Bertelsmann

Further Developing the Tradition of a Corporate Culture Based on Partnership


The media group from Gütersloh in North Rhine-Westphalia with more than 76,000 employees worldwide can look back on a long tradition of "corporate culture based on partnership" and company health policy.

It was not the signing of the "Luxembourg Declaration" that prompted the comprehensive Bertelsmann understanding of company health.
Even back in the 50s and 60s a corporate culture grew up at Bertelsmann which was characterised by the qualifications, motivation, identification and responsibility of the employees. They even committed themselves in 1960 in a "company constitution" to a philosophy which also defined a common understanding of "partnership" as a basic value.

Even then the aim was to create a working atmosphere in which the individual identified with his/her work and the company, developed creativity in an environment free of fear and tolerant of mistakes, in which employees could develop as much as possible and achieve a feeling of success for themselves (and the company).

Bertelsmann is convinced that such an environment based on partnership also promotes health in an optimum way since this reduces mental strains, the consequences of which would otherwise have to be eliminated by subsequent "therapeutic treatment".

While in more than 40 years of proven co-operation with the Bertelsmann BKK the company has been offering its employees concrete assistance to achieve a more healthy lifestyle (e.g. various prevention and screening programmes), it has not lost sight of tools which ensure success and the appropriate organisation: In addition to a group steering circle on health, an organisational framework has developed involving a variety of information, talks and feedback instruments which guarantees that the leadership and partnership principles are also experienced in practice.

As one example, great importance is attached at Bertelsmann to the regular staff survey.
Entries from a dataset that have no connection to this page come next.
(* Let $n\ge 1$. For $0\le j\le n-1$ let $P_j=\{Q\in\mathrm{Sym}_n(\mathbb{R}) : \mathrm{i}^-(Q)\le j\}$ and let $A_j=\partial P_j$ be its topological boundary in $\mathrm{Sym}_n(\mathbb{R})$. For $r\ge 0$ let $Z^{(r)}=\{Q\in\mathrm{Sym}_n(\mathbb{R}) : \dim\ker(Q)\ge r\}$, and let $I_r$ be the set of all subsets $\alpha\subseteq\{0,\dots,n-1\}$ consisting of $r$ consecutive integers. Then for every $r\ge 0$, $$Z^{(r)}=\bigcup_{\alpha\in I_r}\ \bigcap_{j\in\alpha} A_j .$$
   Context: $\mathrm{Sym}_n(\mathbb{R})$ is the space of real symmetric $n\times n$ matrices; $\mathrm{i}^-(Q)$ denotes the number of negative eigenvalues of $Q$ (negative inertia index). An intersection over the empty index set is understood to be all of $\mathrm{Sym}_n(\mathbb{R})$. *)

theory Defs
  imports "HOL-Analysis.Analysis" "HOL-Computational_Algebra.Polynomial"
begin

text \<open>Real symmetric n x n matrices, with n = CARD('n).\<close>
definition Sym :: "(real^'n^'n) set" where
  "Sym = {Q. transpose Q = Q}"

definition charpoly :: "real^'n^'n \<Rightarrow> real poly" where
  "charpoly Q = det (\<chi> i j. (if i = j then [:0, 1:] else 0) - [:Q $ i $ j:])"

definition neg_index :: "real^'n^'n \<Rightarrow> nat" where
  "neg_index Q = (\<Sum>x\<in>{x::real. x < 0 \<and> poly (charpoly Q) x = 0}. order x (charpoly Q))"

definition P_set :: "nat \<Rightarrow> (real^'n^'n) set" where
  "P_set j = {Q \<in> Sym. neg_index Q \<le> j}"

definition A_set :: "nat \<Rightarrow> (real^'n^'n) set" where
  "A_set j = (subtopology euclidean Sym) frontier_of (P_set j)"

definition Z_set :: "nat \<Rightarrow> (real^'n^'n) set" where
  "Z_set r = {Q \<in> Sym. dim {x. Q *v x = 0} \<ge> r}"

definition I_set :: "nat \<Rightarrow> nat \<Rightarrow> nat set set" where
  "I_set n r = {\<alpha>. \<exists>a. \<alpha> = {a..<a + r} \<and> a + r \<le> n}"

end

(*
  Diagonalise Q = P diag(d) P^T by an orthogonal P. Then i^-(Q) and dim ker Q count the negative
  and zero entries of d, and i^-(-Q) the positive ones, so i^-(Q) + i^-(-Q) + dim ker Q = n.
  The negative index is lower semicontinuous (a subspace on which the quadratic form is uniformly
  negative stays negative under small perturbations), hence P_j is closed, and its interior
  consists of the Q with i^-(Q) + dim ker Q <= j: shifting Q - tI with t > 0 small turns the kernel
  negative, while {Q. i^-(-Q) >= n - j} is an open neighbourhood contained in P_j. Therefore
  Q lies on A_j exactly for i^-(Q) <= j < i^-(Q) + dim ker Q, a window of dim ker Q consecutive
  integers inside {0..n-1}, which contains r consecutive integers iff dim ker Q >= r.
*)

theory Submission
  imports Defs
begin

section \<open>The spectral theorem\<close>

definition diag_mat :: "('n \<Rightarrow> real) \<Rightarrow> real^'n^'n" where
  "diag_mat d = (\<chi> i j. if i = j then d i else 0)"

definition quad_form :: "real^'n^'n \<Rightarrow> real^'n \<Rightarrow> real" where
  "quad_form Q x = x \<bullet> (Q *v x)"

definition eigendecomposition :: "real^'n^'n \<Rightarrow> real^'n^'n \<Rightarrow> ('n \<Rightarrow> real) \<Rightarrow> bool" where
  "eigendecomposition Q P d \<longleftrightarrow> orthogonal_matrix P \<and> Q = P ** diag_mat d ** transpose P"

(* transpose P *v x is the coordinate vector of x in the orthonormal basis of columns of P. *)
declare transpose_matrix_vector [simp del]

lemma diag_mat_mult_vec_component: "(diag_mat d *v x) $ i = d i * x $ i"
  unfolding diag_mat_def matrix_vector_mult_def
  by (auto simp: if_distrib if_distribR sum.delta[OF finite] cong: if_cong)

lemma matrix_mul_diag_mat_component: "(A ** diag_mat d) $ i $ j = A $ i $ j * d j"
  unfolding diag_mat_def matrix_matrix_mult_def
  by (auto simp: if_distrib if_distribR sum.delta'[OF finite] cong: if_cong)

lemma Sym_inner_commute:
  assumes "Q \<in> Sym" shows "x \<bullet> (Q *v y) = (Q *v x) \<bullet> y"
proof -
  have "x \<bullet> (Q *v y) = (transpose Q *v x) \<bullet> y"
    by (simp add: dot_lmul_matrix transpose_matrix_vector)
  with assms show ?thesis
    by (simp add: Sym_def)
qed

lemma quad_form_scaleR: "quad_form Q (a *\<^sub>R x) = a\<^sup>2 * quad_form Q x"
  by (simp add: quad_form_def matrix_vector_mult_scaleR power2_eq_square)

lemma quad_form_max_on_subspace:
  assumes "subspace S" "S \<noteq> {0}"
  obtains v where "v \<in> S" "norm v = 1" "\<And>y. y \<in> S \<Longrightarrow> quad_form Q y \<le> quad_form Q v * (norm y)\<^sup>2"
proof -
  let ?K = "S \<inter> sphere 0 1"
  obtain s where s: "s \<in> S" "s \<noteq> 0"
    using assms subspace_0 by blast
  then have "s /\<^sub>R norm s \<in> ?K"
    using assms(1) by (simp add: subspace_scale)
  moreover have "compact ?K"
    by (simp add: assms(1) closed_Int_compact closed_subspace)
  moreover have "continuous_on ?K (quad_form Q)"
    unfolding quad_form_def by (intro continuous_intros)
  ultimately obtain v where v: "v \<in> ?K" and max: "\<And>y. y \<in> ?K \<Longrightarrow> quad_form Q y \<le> quad_form Q v"
    using continuous_attains_sup[of ?K "quad_form Q"] by blast
  have "quad_form Q y \<le> quad_form Q v * (norm y)\<^sup>2" if "y \<in> S" for y
  proof (cases "y = 0")
    case False
    then have "quad_form Q (y /\<^sub>R norm y) \<le> quad_form Q v"
      using that assms(1) by (intro max) (simp add: subspace_scale)
    moreover have "quad_form Q y = (norm y)\<^sup>2 * quad_form Q (y /\<^sub>R norm y)"
      using False by (simp add: quad_form_scaleR power_inverse)
    ultimately show ?thesis
      by (metis mult.commute mult_left_mono zero_le_power2)
  qed (simp add: quad_form_def)
  with v that show thesis by auto
qed

lemma nonpos_if_le_mult_all_pos:
  fixes a b :: real
  assumes "\<And>t. t > 0 \<Longrightarrow> a \<le> t * b"
  shows "a \<le> 0"
proof (rule ccontr)
  assume "\<not> a \<le> 0"
  define t where "t = a / (\<bar>b\<bar> + 1)"
  have t: "t > 0"
    using \<open>\<not> a \<le> 0\<close> by (simp add: t_def)
  have "a \<le> t * b"
    using t by (rule assms)
  also have "\<dots> \<le> t * \<bar>b\<bar>"
    using t by (simp add: mult_left_mono)
  also have "\<dots> < t * (\<bar>b\<bar> + 1)"
    using t by simp
  also have "\<dots> = a"
    by (simp add: t_def)
  finally show False
    by simp
qed

(* Moving the maximiser v towards the defect y = Qv - cv, which is orthogonal to v,
   raises the Rayleigh quotient to first order unless y = 0. *)

lemma quad_form_maximizer_is_eigenvector:
  assumes Q: "Q \<in> Sym" and S: "subspace S" and inv: "\<And>x. x \<in> S \<Longrightarrow> Q *v x \<in> S"
    and v: "v \<in> S" "norm v = 1"
    and max: "\<And>y. y \<in> S \<Longrightarrow> quad_form Q y \<le> quad_form Q v * (norm y)\<^sup>2"
  shows "Q *v v = quad_form Q v *\<^sub>R v"
proof -
  define c where "c = quad_form Q v"
  define y where "y = Q *v v - c *\<^sub>R v"
  define w where "w = y \<bullet> y"
  define e where "e = y \<bullet> (Q *v y)"
  have vv: "v \<bullet> v = 1"
    using v(2) by (simp add: norm_eq_1)
  have yS: "y \<in> S"
    unfolding y_def using v(1) inv S by (simp add: subspace_diff subspace_scale)
  have vy: "v \<bullet> y = 0"
    unfolding y_def c_def quad_form_def by (simp add: inner_diff_right vv)
  have "Q *v v = y + c *\<^sub>R v"
    unfolding y_def by simp
  then have Qvy: "(Q *v v) \<bullet> y = w"
    using vy by (simp add: w_def inner_add_left)
  have "2 * w \<le> t * (c * w - e)" if t: "t > 0" for t
  proof -
    have "v + t *\<^sub>R y \<in> S"
      using v(1) yS S by (simp add: subspace_add subspace_scale)
    then have "quad_form Q (v + t *\<^sub>R y) \<le> c * (norm (v + t *\<^sub>R y))\<^sup>2"
      unfolding c_def by (rule max)
    moreover have "quad_form Q (v + t *\<^sub>R y)
        = c + t * (v \<bullet> (Q *v y)) + t * (y \<bullet> (Q *v v)) + t\<^sup>2 * e"
      by (simp add: quad_form_def c_def e_def matrix_vector_right_distrib matrix_vector_mult_scaleR
          inner_add_left inner_add_right power2_eq_square distrib_left)
    moreover have "v \<bullet> (Q *v y) = w" "y \<bullet> (Q *v v) = w"
      using Sym_inner_commute[OF Q, of v y] Qvy by (simp_all add: inner_commute)
    moreover have "(norm (v + t *\<^sub>R y))\<^sup>2 = 1 + t\<^sup>2 * w"
      unfolding power2_norm_eq_inner using vy
      by (simp add: inner_add_left inner_add_right inner_commute vv w_def power2_eq_square)
    ultimately have "t * (2 * w) \<le> t * (t * (c * w - e))"
      by (simp add: power2_eq_square algebra_simps)
    with t show ?thesis
      by simp
  qed
  then have "2 * w \<le> 0"
    by (rule nonpos_if_le_mult_all_pos)
  then have "y = 0"
    using inner_gt_zero_iff[of y] unfolding w_def by fastforce
  then show ?thesis
    unfolding y_def c_def by simp
qed

lemma Sym_invariant_subspace_orthonormal_eigenbasis:
  assumes Q: "Q \<in> Sym"
  shows "subspace S \<Longrightarrow> (\<And>x. x \<in> S \<Longrightarrow> Q *v x \<in> S) \<Longrightarrow>
    \<exists>B. B \<subseteq> S \<and> span B = S \<and> pairwise orthogonal B \<and>
        (\<forall>b\<in>B. norm b = 1 \<and> (\<exists>c. Q *v b = c *\<^sub>R b))"
proof (induction "dim S" arbitrary: S rule: less_induct)
  case less
  show ?case
  proof (cases "S = {0}")
    case True
    then show ?thesis
      by (intro exI[of _ "{}"]) auto
  next
    case False
    obtain v where v: "v \<in> S" "norm v = 1"
      and max: "\<And>y. y \<in> S \<Longrightarrow> quad_form Q y \<le> quad_form Q v * (norm y)\<^sup>2"
      using quad_form_max_on_subspace[OF less.prems(1) False] by blast
    have eig: "Q *v v = quad_form Q v *\<^sub>R v"
      using quad_form_maximizer_is_eigenvector[OF Q less.prems v max] .
    have vv: "v \<bullet> v = 1"
      using v(2) by (simp add: norm_eq_1)
    define S' where "S' = S \<inter> {y. v \<bullet> y = 0}"
    have S': "subspace S'"
      unfolding S'_def by (intro subspace_inter less.prems(1) subspace_hyperplane)
    have inv': "Q *v x \<in> S'" if "x \<in> S'" for x
      using that less.prems(2) Sym_inner_commute[OF Q, of v x] eig by (simp add: S'_def)
    have "v \<notin> S'"
      using vv by (simp add: S'_def)
    moreover have "S' \<subseteq> S"
      by (simp add: S'_def)
    ultimately have "S' \<subset> S"
      using v(1) by blast
    then have "dim S' < dim S"
      using dim_psubset[of S' S] S' less.prems(1) by (simp add: span_eq_iff[THEN iffD2])
    then obtain B' where B': "B' \<subseteq> S'" "span B' = S'" "pairwise orthogonal B'"
        "\<forall>b\<in>B'. norm b = 1 \<and> (\<exists>c. Q *v b = c *\<^sub>R b)"
      using less.hyps[OF _ S' inv'] by blast
    have "S \<subseteq> span (insert v B')"
    proof
      fix s assume s: "s \<in> S"
      have "s - (v \<bullet> s) *\<^sub>R v \<in> S'"
        using s v(1) less.prems(1) vv
        by (simp add: S'_def subspace_diff subspace_scale inner_diff_right)
      then have "s - (v \<bullet> s) *\<^sub>R v \<in> span (insert v B')"
        using B'(2) span_mono[of B' "insert v B'"] by blast
      then show "s \<in> span (insert v B')"
        by (metis diff_add_cancel span_add span_base span_scale insertI1)
    qed
    moreover have "insert v B' \<subseteq> S"
      using B'(1) v(1) by (auto simp: S'_def)
    moreover have "span (insert v B') \<subseteq> S"
      using calculation(2) less.prems(1) by (simp add: span_minimal)
    moreover have "pairwise orthogonal (insert v B')"
      using B'(1,3) by (auto simp: pairwise_insert S'_def orthogonal_def inner_commute)
    ultimately show ?thesis
      using B'(4) v eig by (intro exI[of _ "insert v B'"]) blast
  qed
qed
The fact that the staff survey has been conducted worldwide since 2001 and that it is geared to issues relating to the corporate culture is not only related to the fact that the Bertelsmann group has a decentralised organisation worldwide with a large number of independent companies (profit centres). Bertelsmann is aiming in particular to achieve a pan-group learning culture.

An innovative "learning and reporting system on corporate culture" was established as a self-control system in the Bertelsmann group in order to initiate a process of dialogue and reciprocal learning and to continuously implement and advance the group's corporate culture.

The focal point is the Bertelsmann culture and partnership index, which is surveyed throughout the group and comprises 8 dimensions, e.g. common values and objectives, delegation, leadership, information/communication, participation and staff development. The results indicate in-house good practice examples which, in a targeted global information and know-how transfer, open up the possibility for all company managements to obtain new information on what other Bertelsmann companies are already using with success.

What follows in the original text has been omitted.